Henry arrives and is told by Fluellen that none of their men was lost but for Bardolph for his theft. Henry pronounces:

We would have all such offenders so cut off; and we give express charge that in our marches through the country there be nothing compell'd from the villages; nothing taken but paid for; none of the French upbraided or abus'd in disdainful language; for when lenity and cruelty play for a kingdom, the gentler gamester is the soonest winner. (III.vi.107-113)

Henry has an exchange with a French herald, Montjoy, who reports that the French King claims Henry "hath betray'd his followers, whose condemnation is pronounc'd" (III.vi.134-135). Henry orders his troops to march to the bridge. We are on the verge of the battle of Agincourt. "We are in God's hands, brother, not in theirs" (III.vi.168-169).
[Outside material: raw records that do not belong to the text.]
(* There is an absolute constant $c>0$ such that the following holds. Let $n\ge 1$, $d\ge 1$, $t\ge 0$, and let $Q$ be any quantum circuit on $n$ qubits of depth $d$ whose gates are Clifford gates (from $\{H, S, \mathrm{CNOT}\}$) together with exactly $t$ gates $T=\mathrm{diag}(1,e^{i\pi/4})$. Then there exists a classical circuit $C:\{0,1\}^n\to\{0,1\}^n$, built from $\mathrm{NOT}$, $\mathrm{AND}$, $\mathrm{OR}$ gates of fan-in at most $2$ (arbitrary fan-out), of depth at most $c\,(d+t)$, that p-simulates $Q$; that is, for every $x\in\{0,1\}^n$, $\langle C(x)|\,Q\,|x\rangle\neq 0$.
   Context: The quantum circuit $Q$ takes as input a computational basis state $|x\rangle$, $x\in\{0,1\}^n$, on its $n$ qubit lines and all $n$ qubits are measured in the computational basis at the end; the unitary implemented by the circuit is also denoted $Q$. The depth of a quantum circuit is its number of layers of gates acting on disjoint qubits. $H$ is the Hadamard gate, $S=\mathrm{diag}(1,i)$, and $\mathrm{CNOT}$ is the controlled-NOT gate. The circuit $Q$ defines the relation $\mathcal{R}(Q)=\{(x,y)\in\{0,1\}^n\times\{0,1\}^n : \langle y|Q|x\rangle\neq 0\}$, and a classical circuit $C:\{0,1\}^n\to\{0,1\}^n$ is said to p-simulate $Q$ if $(x,C(x))\in\mathcal{R}(Q)$ for all $x\in\{0,1\}^n$. The depth of a classical circuit is the length of its longest input-to-output path of gates. *)

theory Defs
  imports Complex_Main
begin

text \<open>Qubits are numbered 0..n-1; computational basis states are bool lists of length n.\<close>

datatype qgate = Hg nat | Sg nat | CNOTg nat nat | Tg nat
lemma round_robin_once_per_round:
  assumes "1 \<le> j" "j \<le> d"
  shows "length (filter (\<lambda>s. round_robin d s = j) [k*d..<k*d+d]) = 1"
proof -
  have "set (filter (\<lambda>s. round_robin d s = j) [k*d..<k*d+d]) = {k*d + (j - 1)}"
  proof (intro set_eqI iffI)
    fix s assume "s \<in> set (filter (\<lambda>s. round_robin d s = j) [k*d..<k*d+d])"
    then have "s = k*d + (s - k*d)" "s - k*d < d" "s mod d = j - 1"
      by (auto simp: round_robin_def)
    then show "s \<in> {k*d + (j - 1)}"
      by (metis mod_less mod_mult_self3 singletonI)
  next
    fix s assume "s \<in> {k*d + (j - 1)}"
    then have s: "s = d*k + (j - 1)"
      by (simp add: mult.commute)
    have "s mod d = (j - 1) mod d"
      unfolding s by (rule mod_mult_self4)
    also have "\<dots> = j - 1"
      using assms by simp
    finally have "s mod d = j - 1" .
    moreover have "k*d \<le> s" "s < k*d + d"
      using assms unfolding s by (simp_all add: mult.commute)
    ultimately show "s \<in> set (filter (\<lambda>s. round_robin d s = j) [k*d..<k*d+d])"
      using assms by (simp add: round_robin_def)
  qed
  then show ?thesis
    using distinct_card[of "filter (\<lambda>s. round_robin d s = j) [k*d..<k*d+d]"] by simp
qed

lemma length_filter_round_robin:
  assumes "1 \<le> j" "j \<le> d" "r \<le> k"
  shows "length (filter (\<lambda>s. round_robin d s = j) [r*d..<k*d]) = k - r"
  using assms(3)
proof (induction k rule: dec_induct)
  case (step k)
  have "[r*d..<Suc k*d] = [r*d..<k*d] @ [k*d..<k*d+d]"
    using step.hyps(1) upt_add_eq_append[of "r*d" "k*d" d] by (simp add: add.commute)
  then show ?case
    using step.IH step.hyps(1) round_robin_once_per_round[OF assms(1,2), of k] by simp
qed simp

lemma round_robin_range: "0 < d \<Longrightarrow> round_robin d t \<in> {1..d}"
  by (simp add: round_robin_def Suc_le_eq)

text \<open>A bound on the survival of door j at the start of round k, in terms of the first round r
  at which the doors below j are all open. Only r \<le> k is searched, so that h ! (r * d) stays
  within a history of length k * d + 1.\<close>

definition round_weight :: "(nat \<Rightarrow> nat set list \<Rightarrow> real) \<Rightarrow> nat \<Rightarrow> nat \<Rightarrow> nat \<Rightarrow> nat set list \<Rightarrow> real" where
  "round_weight phi d j k h =
    (if \<exists>r\<le>k. {1..<j} \<subseteq> h ! (r*d) then fund phi j (k - (LEAST r. r \<le> k \<and> {1..<j} \<subseteq> h ! (r*d))) else 0)"

lemma round_weight_take: "round_weight phi d j k (take (Suc (k*d)) h) = round_weight phi d j k h"
proof -
  have "take (Suc (k*d)) h ! (r*d) = h ! (r*d)" if "r \<le> k" for r
    using that by (simp add: le_imp_less_Suc)
  then have "(\<lambda>r. r \<le> k \<and> {1..<j} \<subseteq> take (Suc (k*d)) h ! (r*d)) = (\<lambda>r. r \<le> k \<and> {1..<j} \<subseteq> h ! (r*d))"
    by auto
  then show ?thesis
    unfolding round_weight_def by (simp only: ex_bool_eq[symmetric] Ex_less_Suc)
qed

section \<open>A single door\<close>

locale door_law =
  fixes phi :: "nat \<Rightarrow> nat set list \<Rightarrow> real" and j :: nat
  assumes phi_range: "valid_seq j xs \<Longrightarrow> 0 \<le> phi j xs \<and> phi j xs \<le> 1"
    and phi_subseq_mono: "valid_seq j xs \<Longrightarrow> valid_seq j ys \<Longrightarrow> subseq ys xs \<Longrightarrow> phi j ys \<le> phi j xs"
begin

abbreviation lower_hist :: "nat set list \<Rightarrow> nat set list" where
  "lower_hist \<equiv> proj_hist {1..<j}"

lemma phi0_nonneg: "set xs \<subseteq> Pow {1..<j} \<Longrightarrow> 0 \<le> phi0 phi j xs"
  using phi_range by (auto simp: phi0_def valid_seq_def)

lemma phi_snoc_le_1: "set xs \<subseteq> Pow {1..<j} \<Longrightarrow> x \<subseteq> {1..<j} \<Longrightarrow> phi j (xs @ [x]) \<le> 1"
  using phi_range by (simp add: valid_seq_def)

lemma phi0_le_phi_snoc:
  assumes "set xs \<subseteq> Pow {1..<j}" "x \<subseteq> {1..<j}"
  shows "phi0 phi j xs \<le> phi j (xs @ [x])"
proof (cases "xs = []")
  case True
  then show ?thesis
    using phi_range[of "[x]"] assms by (simp add: phi0_def valid_seq_def)
next
  case False
  have "subseq xs (xs @ [x])"
    using subseq_append'[of xs "[]" "[x]"] by simp
  then show ?thesis
    using False phi_subseq_mono[of "xs @ [x]" xs] assms by (simp add: phi0_def valid_seq_def)
qed

lemma fund_nonneg: "0 \<le> fund phi j n"
  using phi_range[of "replicate n {1..<j}"] by (simp add: fund_def valid_seq_def)

lemma E_door_ge_1:
  assumes "summable (fund phi j)"
  shows "1 \<le> E_door phi j"
proof -
  have "sum (fund phi j) {0} \<le> suminf (fund phi j)"
    by (rule sum_le_suminf[OF assms]) (auto simp: fund_nonneg)
  moreover have "fund phi j 0 = 1"
    by (simp add: fund_def)
  ultimately show ?thesis
    by (simp add: E_door_def)
qed

lemma door_hazard_props:
  fixes ks :: "nat \<Rightarrow> nat"
  assumes "set p \<subseteq> Pow {1..<j}" "length p = Suc t"
  shows "0 \<le> door_hazard phi ks j t p" "door_hazard phi ks j t p \<le> 1"
    "ennreal (1 - door_hazard phi ks j t p) * ennreal (door_survival phi ks j t p)
      = ennreal (1 - phi j (door_views ks j t p @ [last p]))"
proof -
  have "last p \<in> set p"
    using assms(2) by (intro last_in_set) auto
  then have "set (door_views ks j t p) \<subseteq> Pow {1..<j}" "last p \<subseteq> {1..<j}"
    using assms set_door_views[of t p ks j] by auto
  note bounds = phi0_nonneg[OF this(1)] phi0_le_phi_snoc[OF this] phi_snoc_le_1[OF this]
  show "0 \<le> door_hazard phi ks j t p" "door_hazard phi ks j t p \<le> 1"
    "ennreal (1 - door_hazard phi ks j t p) * ennreal (door_survival phi ks j t p)
      = ennreal (1 - phi j (door_views ks j t p @ [last p]))"
    unfolding door_hazard_def door_survival_def by (fact hazard_rate[OF bounds])+
qed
Perhaps his disregard for adversaries, foreign and domestic, is enjoyable. But he disregards his friends too. Bardolph's execution echoes Falstaff's rejection. And isn't this a bit hypocritical? What about that bribe at beginning of this play? Isn't that also ecclesiastical property being appropriated, and more reprehensible for not being merely a petty crime? The supposedly kinder gentler Henry even says now that his soldiers may not call the French bad names! Slimy Lancastrians.

SCENE vii

"Will it never be morning?" (III.vii.6). The French, including the Dauphin who is present despite his father's command, discuss their horses and mistresses. They know they outnumber the English and brag that they'll each capture skads of Brits tomorrow. Lord Rambures asks the Constable of France, "My Lord Constable, the armor that I saw in your tent to-night, are those stars or suns upon it?" (III.vii.69-70). "Stars," he answers. Goddard says of the scene, "It is all like some hopelessly overconfident university football squad contemptuous of the team of a backwoods college that by some freak of fortune they have been compelled to condescend to play" (Goddard, I 240).